Из
МН 48Вот монах, затворившись в лесу, или у подножья дерева, или в пустом жилище, размышляет так: «Есть ли какая-либо охваченность, не отброшенная мной, которая могла бы так охватить мой ум, что я не смог бы знать и видеть вещи в соответствии с действительностью?» Если монах охвачен чувственной жаждой, то его ум охвачен. Если он охвачен недоброжелательностью, то его ум охвачен. Если он охвачен ленью и апатией, то его ум охвачен. Если он охвачен неугомонностью и сожалением, то его ум охвачен. Если он охвачен сомнением, то его ум охвачен. Если монах погружён в рассуждения об этом мире, то его ум охвачен. Если монах погружён в рассуждения о следующем мире, то его ум охвачен. Если монах начинает ссориться и браниться, погрязает в пререканиях, нанося ранения другим остриём своего языка, то его ум охвачен. Он понимает так: «Нет какой-либо охваченности, не отброшенной мной, которая могла бы охватить мой ум так, чтобы я не смог бы знать и видеть вещи в соответствии с действительностью. Мой ум хорошо предрасположен к пробуждению в истины». Таково первое знание, обретённое им, которое благородное, сверхмирское, которого не имеют обычные заурядные люди.

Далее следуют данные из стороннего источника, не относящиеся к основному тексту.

(* Let $K$ be a unital commutative ring containing $\mathbb{Q}$ and let $\big(\mathfrak{h},p,\mathfrak{g},[~,~]_\mathfrak{g},\dot{\rho}\big)$ be a $\mathfrak{g}$-augmented Leibniz algebra over $K$. Define a bracket on $\mathfrak{h}$ by $[x,y]_\mathfrak{h}:=p(x).y$ for $x,y\in\mathfrak{h}$. Then: \begin{enumerate} \item $\big(\mathfrak{h},[~,~]_\mathfrak{h}\big)$ is a (left) Leibniz algebra on which $\mathfrak{g}$ acts by derivations (via $\dot\rho$). If $(\Phi,\phi)$ is a morphism of augmented Leibniz algebras, then $\Phi$ is a morphism of Leibniz algebras for these brackets. \item $\mathrm{Ker}(p)$ is a $\mathfrak{g}$-invariant two-sided abelian ideal of $\big(\mathfrak{h},[~,~]_\mathfrak{h}\big)$ satisfying $Q(\mathfrak{h})\subset\mathrm{Ker}(p)\subset\mathfrak{z}(\mathfrak{h})$. \item $\mathrm{Im}(p)$ is an ideal of the Lie algebra $\mathfrak{g}$. \end{enumerate}
   Context: A (left) Leibniz algebra over $K$ is a $K$-module $\mathfrak{h}$ with a bilinear bracket satisfying $[x,[y,z]]=[[x,y],z]+[y,[x,z]]$ for all $x,y,z$; a morphism of Leibniz algebras is a $K$-linear bracket-preserving map. For a Leibniz algebra $\mathfrak{h}$: $Q(\mathfrak{h})$ is the $K$-submodule of all finite sums $\sum_r\lambda_r[x_r,x_r]$ ($\lambda_r\in K$, $x_r\in\mathfrak{h}$), and $\mathfrak{z}(\mathfrak{h}):=\{x\in\mathfrak{h}\mid [x,y]=0\ \forall y\in\mathfrak{h}\}$. A $\mathfrak{g}$-augmented Leibniz algebra $\big(\mathfrak{h},p,\mathfrak{g},[~,~]_\mathfrak{g},\dot{\rho}\big)$ consists of a Lie algebra $(\mathfrak{g},[~,~]_\mathfrak{g})$ over $K$, a $K$-module $\mathfrak{h}$ which is a left $\mathfrak{g}$-module via $\dot\rho:\mathfrak{g}\otimes\mathfrak{h}\to\mathfrak{h}$, written $\dot\rho_\xi(x)=\xi.x$, and a $K$-linear map $p:\mathfrak{h}\to\mathfrak{g}$ with $p(\xi.x)=[\xi,p(x)]_\mathfrak{g}$ for all $\xi\in\mathfrak{g},x\in\mathfrak{h}$. A morphism $(\Phi,\phi)$ from $\big(\mathfrak{h},p,\mathfrak{g},[~,~]_\mathfrak{g},\dot{\rho}\big)$ to $\big(\mathfrak{h}',p',\mathfrak{g}',[~,~]'_{\mathfrak{g}'},\dot{\rho}'\big)$ is a pair of $K$-linear maps with $\phi:\mathfrak{g}\to\mathfrak{g}'$ a Lie algebra morphism, $\Phi:\mathfrak{h}\to\mathfrak{h}'$ satisfying $\Phi(\xi.x)=\phi(\xi).\Phi(x)$, and $p'\circ\Phi=\phi\circ p$. *)

theory Defs
  imports Complex_Main
begin

definition contains_rationals :: "'k::comm_ring_1 itself \<Rightarrow> bool" where
  "contains_rationals _ \<longleftrightarrow> (\<forall>n::nat. n > 0 \<longrightarrow> (\<exists>y::'k. of_nat n * y = 1))"

definition bilinear_map ::
  "('k::comm_ring_1 \<Rightarrow> 'a::ab_group_add \<Rightarrow> 'a) \<Rightarrow> ('k \<Rightarrow> 'b::ab_group_add \<Rightarrow> 'b) \<Rightarrow>
   ('k \<Rightarrow> 'c::ab_group_add \<Rightarrow> 'c) \<Rightarrow> ('a \<Rightarrow> 'b \<Rightarrow> 'c) \<Rightarrow> bool" where
  "bilinear_map s1 s2 s3 f \<longleftrightarrow>
     (\<forall>x. module_hom s2 s3 (f x)) \<and> (\<forall>y. module_hom s1 s3 (\<lambda>x. f x y))"

definition leibniz_algebra ::
  "('k::comm_ring_1 \<Rightarrow> 'h::ab_group_add \<Rightarrow> 'h) \<Rightarrow> ('h \<Rightarrow> 'h \<Rightarrow> 'h) \<Rightarrow> bool" where
  "leibniz_algebra s br \<longleftrightarrow> module s \<and> bilinear_map s s s br \<and>
     (\<forall>x y z. br x (br y z) = br (br x y) z + br y (br x z))"

definition lie_algebra ::
  "('k::comm_ring_1 \<Rightarrow> 'g::ab_group_add \<Rightarrow> 'g) \<Rightarrow> ('g \<Rightarrow> 'g \<Rightarrow> 'g) \<Rightarrow> bool" where
  "lie_algebra s br \<longleftrightarrow> module s \<and> bilinear_map s s s br \<and> (\<forall>x. br x x = 0) \<and>
     (\<forall>x y z. br x (br y z) = br (br x y) z + br y (br x z))"

definition lie_module ::
  "('k::comm_ring_1 \<Rightarrow> 'g::ab_group_add \<Rightarrow> 'g) \<Rightarrow> ('g \<Rightarrow> 'g \<Rightarrow> 'g) \<Rightarrow>
   ('k \<Rightarrow> 'h::ab_group_add \<Rightarrow> 'h) \<Rightarrow> ('g \<Rightarrow> 'h \<Rightarrow> 'h) \<Rightarrow> bool" where
  "lie_module sg brg sh act \<longleftrightarrow> lie_algebra sg brg \<and> module sh \<and> bilinear_map sg sh sh act \<and>
     (\<forall>\<xi> \<eta> x. act (brg \<xi> \<eta>) x = act \<xi> (act \<eta> x) - act \<eta> (act \<xi> x))"

definition augmented_leibniz ::
  "('k::comm_ring_1 \<Rightarrow> 'h::ab_group_add \<Rightarrow> 'h) \<Rightarrow> ('h \<Rightarrow> 'g::ab_group_add) \<Rightarrow>
   ('k \<Rightarrow> 'g \<Rightarrow> 'g) \<Rightarrow> ('g \<Rightarrow> 'g \<Rightarrow> 'g) \<Rightarrow> ('g \<Rightarrow> 'h \<Rightarrow> 'h) \<Rightarrow> bool" where
  "augmented_leibniz sh p sg brg act \<longleftrightarrow> lie_module sg brg sh act \<and> module_hom sh sg p \<and>
     (\<forall>\<xi> x. p (act \<xi> x) = brg \<xi> (p x))"

definition augmented_leibniz_morphism ::
  "('k::comm_ring_1 \<Rightarrow> 'h::ab_group_add \<Rightarrow> 'h) \<Rightarrow> ('h \<Rightarrow> 'g::ab_group_add) \<Rightarrow>
   ('k \<Rightarrow> 'g \<Rightarrow> 'g) \<Rightarrow> ('g \<Rightarrow> 'g \<Rightarrow> 'g) \<Rightarrow> ('g \<Rightarrow> 'h \<Rightarrow> 'h) \<Rightarrow>
   ('k \<Rightarrow> 'h2::ab_group_add \<Rightarrow> 'h2) \<Rightarrow> ('h2 \<Rightarrow> 'g2::ab_group_add) \<Rightarrow>
   ('k \<Rightarrow> 'g2 \<Rightarrow> 'g2) \<Rightarrow> ('g2 \<Rightarrow> 'g2 \<Rightarrow> 'g2) \<Rightarrow> ('g2 \<Rightarrow> 'h2 \<Rightarrow> 'h2) \<Rightarrow>
   ('h \<Rightarrow> 'h2) \<Rightarrow> ('g \<Rightarrow> 'g2) \<Rightarrow> bool" where
  "augmented_leibniz_morphism sh p sg brg act sh' p' sg' brg' act' Phi phi \<longleftrightarrow>
     module_hom sg sg' phi \<and> (\<forall>\<xi> \<eta>. phi (brg \<xi> \<eta>) = brg' (phi \<xi>) (phi \<eta>)) \<and>
     module_hom sh sh' Phi \<and> (\<forall>\<xi> x. Phi (act \<xi> x) = act' (phi \<xi>) (Phi x)) \<and>
     (\<forall>x. p' (Phi x) = phi (p x))"

definition leibniz_morphism ::
  "('k::comm_ring_1 \<Rightarrow> 'h::ab_group_add \<Rightarrow> 'h) \<Rightarrow> ('h \<Rightarrow> 'h \<Rightarrow> 'h) \<Rightarrow>
   ('k \<Rightarrow> 'h2::ab_group_add \<Rightarrow> 'h2) \<Rightarrow> ('h2 \<Rightarrow> 'h2 \<Rightarrow> 'h2) \<Rightarrow> ('h \<Rightarrow> 'h2) \<Rightarrow> bool" where
  "leibniz_morphism s br s' br' f \<longleftrightarrow> module_hom s s' f \<and> (\<forall>x y. f (br x y) = br' (f x) (f y))"

definition aug_bracket :: "('h \<Rightarrow> 'g) \<Rightarrow> ('g \<Rightarrow> 'h \<Rightarrow> 'h) \<Rightarrow> 'h \<Rightarrow> 'h \<Rightarrow> 'h" where
  "aug_bracket p act x y = act (p x) y"

definition acts_by_derivations :: "('g \<Rightarrow> 'h \<Rightarrow> 'h) \<Rightarrow> ('h \<Rightarrow> 'h \<Rightarrow> 'h::plus) \<Rightarrow> bool" where
  "acts_by_derivations act br \<longleftrightarrow> (\<forall>\<xi> x y. act \<xi> (br x y) = br (act \<xi> x) y + br x (act \<xi> y))"

definition leibniz_ideal ::
  "('k::comm_ring_1 \<Rightarrow> 'h::ab_group_add \<Rightarrow> 'h) \<Rightarrow> ('h \<Rightarrow> 'h \<Rightarrow> 'h) \<Rightarrow> 'h set \<Rightarrow> bool" where
  "leibniz_ideal s br I \<longleftrightarrow> module.subspace s I \<and>
     (\<forall>x\<in>I. \<forall>y. br x y \<in> I \<and> br y x \<in> I)"

definition abelian_subset :: "('h \<Rightarrow> 'h \<Rightarrow> 'h::zero) \<Rightarrow> 'h set \<Rightarrow> bool" where
  "abelian_subset br I \<longleftrightarrow> (\<forall>x\<in>I. \<forall>y\<in>I. br x y = 0)"

definition invariant_subset :: "('g \<Rightarrow> 'h \<Rightarrow> 'h) \<Rightarrow> 'h set \<Rightarrow> bool" where
  "invariant_subset act I \<longleftrightarrow> (\<forall>\<xi> x. x \<in> I \<longrightarrow> act \<xi> x \<in> I)"

definition Qsq :: "('k::comm_ring_1 \<Rightarrow> 'h::ab_group_add \<Rightarrow> 'h) \<Rightarrow> ('h \<Rightarrow> 'h \<Rightarrow> 'h) \<Rightarrow> 'h set" where
  "Qsq s br = module.span s {br x x | x. True}"

definition left_center :: "('h \<Rightarrow> 'h \<Rightarrow> 'h::zero) \<Rightarrow> 'h set" where
  "left_center br = {x. \<forall>y. br x y = 0}"

definition lie_ideal ::
  "('k::comm_ring_1 \<Rightarrow> 'g::ab_group_add \<Rightarrow> 'g) \<Rightarrow> ('g \<Rightarrow> 'g \<Rightarrow> 'g) \<Rightarrow> 'g set \<Rightarrow> bool" where
  "lie_ideal s br I \<longleftrightarrow> module.subspace s I \<and> (\<forall>x. \<forall>y\<in>I. br x y \<in> I)"

end

theory Submission
  imports Defs
begin

text \<open>
  Equivariance of p gives p([x,y]) = p(p(x).y) = [p x, p y]_g, so the Leibniz identity for
  [x,y] := p(x).y is the representation identity for the bracket [p x, p y]_g, and g acts by
  derivations for the same reason. Elements of Ker(p) act by 0, which makes the kernel lie in
  the left centre, while the squares [x,x] are mapped by p to [p x, p x]_g = 0.
\<close>

lemma augmented_leibniz_p_act:
  assumes "augmented_leibniz sh p sg brg act"
  shows "p (act \<xi> x) = brg \<xi> (p x)"
  using assms by (simp add: augmented_leibniz_def)

lemma augmented_leibniz_act_bracket:
  assumes "augmented_leibniz sh p sg brg act"
  shows "act (brg \<xi> \<eta>) x = act \<xi> (act \<eta> x) - act \<eta> (act \<xi> x)"
  using assms by (simp add: augmented_leibniz_def lie_module_def)

lemma augmented_leibniz_act_zero_left:
  assumes "augmented_leibniz sh p sg brg act"
  shows "act 0 x = 0"
proof -
  from assms have "module_hom sg sh (\<lambda>\<xi>. act \<xi> x)"
    by (simp add: augmented_leibniz_def lie_module_def bilinear_map_def)
  then show ?thesis by (rule module_hom.zero)
qed

lemma augmented_leibniz_bracket_zero_right:
  assumes "augmented_leibniz sh p sg brg act"
  shows "brg \<xi> 0 = 0"
proof -
  from assms have "module_hom sg sg (brg \<xi>)"
    by (simp add: augmented_leibniz_def lie_module_def lie_algebra_def bilinear_map_def)
  then show ?thesis by (rule module_hom.zero)
qed

lemma leibniz_algebra_aug_bracket:
  assumes "augmented_leibniz sh p sg brg act"
  shows "leibniz_algebra sh (aug_bracket p act)"
proof -
  from assms have p_hom: "module_hom sh sg p" and act_hom: "bilinear_map sg sh sh act"
    and "module sh"
    by (auto simp: augmented_leibniz_def lie_module_def)
  have "module_hom sh sh (\<lambda>x. act (p x) y)" for y
    using module_hom_compose[OF p_hom, of sh "\<lambda>\<xi>. act \<xi> y"] act_hom
    by (simp add: bilinear_map_def comp_def)
  with act_hom \<open>module sh\<close> show ?thesis
    unfolding leibniz_algebra_def bilinear_map_def aug_bracket_def
    by (simp add: augmented_leibniz_p_act[OF assms] augmented_leibniz_act_bracket[OF assms])
qed

lemma acts_by_derivations_aug_bracket:
  assumes "augmented_leibniz sh p sg brg act"
  shows "acts_by_derivations act (aug_bracket p act)"
proof -
  from assms have "module_hom sh sh (act \<xi>)" for \<xi>
    by (simp add: augmented_leibniz_def lie_module_def bilinear_map_def)
  then show ?thesis
    by (simp add: acts_by_derivations_def aug_bracket_def module_hom.add
        augmented_leibniz_p_act[OF assms] augmented_leibniz_act_bracket[OF assms])
qed

lemma leibniz_morphism_aug_bracket:
  assumes "augmented_leibniz_morphism sh p sg brg act sh' p' sg' brg' act' Phi phi"
  shows "leibniz_morphism sh (aug_bracket p act) sh' (aug_bracket p' act') Phi"
  using assms by (simp add: augmented_leibniz_morphism_def leibniz_morphism_def aug_bracket_def)

lemma invariant_subset_kernel:
  assumes "augmented_leibniz sh p sg brg act"
  shows "invariant_subset act {x. p x = 0}"
  by (simp add: invariant_subset_def augmented_leibniz_p_act[OF assms]
      augmented_leibniz_bracket_zero_right[OF assms])

lemma kernel_subset_left_center:
  assumes "augmented_leibniz sh p sg brg act"
  shows "{x. p x = 0} \<subseteq> left_center (aug_bracket p act)"
  by (auto simp: left_center_def aug_bracket_def augmented_leibniz_act_zero_left[OF assms])

lemma abelian_subset_kernel:
  assumes "augmented_leibniz sh p sg brg act"
  shows "abelian_subset (aug_bracket p act) {x. p x = 0}"
  using kernel_subset_left_center[OF assms] by (auto simp: abelian_subset_def left_center_def)

lemma leibniz_ideal_kernel:
  assumes "augmented_leibniz sh p sg brg act"
  shows "leibniz_ideal sh (aug_bracket p act) {x. p x = 0}"
proof -
  from assms have "module_hom sh sg p" by (simp add: augmented_leibniz_def)
  then have "module.subspace sh {x. p x = 0}" by (rule module_hom.subspace_kernel)
  then show ?thesis
    by (simp add: leibniz_ideal_def aug_bracket_def module_hom.zero[OF \<open>module_hom sh sg p\<close>]
        augmented_leibniz_act_zero_left[OF assms] augmented_leibniz_p_act[OF assms]
        augmented_leibniz_bracket_zero_right[OF assms])
qed

lemma Qsq_subset_kernel:
  assumes "augmented_leibniz sh p sg brg act"
  shows "Qsq sh (aug_bracket p act) \<subseteq> {x. p x = 0}"
proof -
  from assms have p_hom: "module_hom sh sg p" and "module sh" and alt: "\<And>\<xi>. brg \<xi> \<xi> = 0"
    by (auto simp: augmented_leibniz_def lie_module_def lie_algebra_def)
  have "{aug_bracket p act x x | x. True} \<subseteq> {x. p x = 0}"
    by (auto simp: aug_bracket_def augmented_leibniz_p_act[OF assms] alt)
  then show ?thesis
    unfolding Qsq_def
    by (rule module.span_minimal[OF \<open>module sh\<close> _ module_hom.subspace_kernel[OF p_hom]])
qed

lemma lie_ideal_range:
  assumes "augmented_leibniz sh p sg brg act"
  shows "lie_ideal sg brg (range p)"
proof -
  from assms have p_hom: "module_hom sh sg p" and "module sh"
    by (auto simp: augmented_leibniz_def lie_module_def)
  have "module.subspace sg (range p)"
    using module_hom.subspace_image[OF p_hom module.subspace_UNIV[OF \<open>module sh\<close>]] by simp
  moreover have "brg \<xi> (p x) \<in> range p" for \<xi> x
    by (metis augmented_leibniz_p_act[OF assms] rangeI)
  ultimately show ?thesis by (auto simp: lie_ideal_def)
qed

theorem proposition2p2:
  fixes sh :: "'k::comm_ring_1 \<Rightarrow> 'h::ab_group_add \<Rightarrow> 'h"
    and sg :: "'k \<Rightarrow> 'g::ab_group_add \<Rightarrow> 'g"
    and p :: "'h \<Rightarrow> 'g" and brg :: "'g \<Rightarrow> 'g \<Rightarrow> 'g" and act :: "'g \<Rightarrow> 'h \<Rightarrow> 'h"
  assumes "contains_rationals TYPE('k)"
    and "augmented_leibniz sh p sg brg act"
  shows "leibniz_algebra sh (aug_bracket p act)
      \<and> acts_by_derivations act (aug_bracket p act)
      \<and> (\<forall>(sh' :: 'k \<Rightarrow> 'h2::ab_group_add \<Rightarrow> 'h2) (p' :: 'h2 \<Rightarrow> 'g2::ab_group_add)
            (sg' :: 'k \<Rightarrow> 'g2 \<Rightarrow> 'g2) brg' act' Phi phi.
           augmented_leibniz sh' p' sg' brg' act' \<longrightarrow>
           augmented_leibniz_morphism sh p sg brg act sh' p' sg' brg' act' Phi phi \<longrightarrow>
           leibniz_morphism sh (aug_bracket p act) sh' (aug_bracket p' act') Phi)
      \<and> leibniz_ideal sh (aug_bracket p act) {x. p x = 0}
      \<and> invariant_subset act {x. p x = 0}
      \<and> abelian_subset (aug_bracket p act) {x. p x = 0}
      \<and> Qsq sh (aug_bracket p act) \<subseteq> {x. p x = 0}
      \<and> {x. p x = 0} \<subseteq> left_center (aug_bracket p act)
      \<and> lie_ideal sg brg (range p)"
  by (intro conjI allI impI leibniz_morphism_aug_bracket leibniz_algebra_aug_bracket[OF assms(2)]
      acts_by_derivations_aug_bracket[OF assms(2)] leibniz_ideal_kernel[OF assms(2)]
      invariant_subset_kernel[OF assms(2)] abelian_subset_kernel[OF assms(2)]
      Qsq_subset_kernel[OF assms(2)] kernel_subset_left_center[OF assms(2)]
      lie_ideal_range[OF assms(2)])

end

Все эти перечисленные охваченности ума, включая пять помех, они вообще не возникают (что странно, ведь речь о сотапанне, который может и не достигать джхан) или все таки они временами случаются и ум у него действительно бывает ими охвачен. Просто они не такой силы, чтобы помешать воспринимать вещи непостоянными-страдательными-безличными?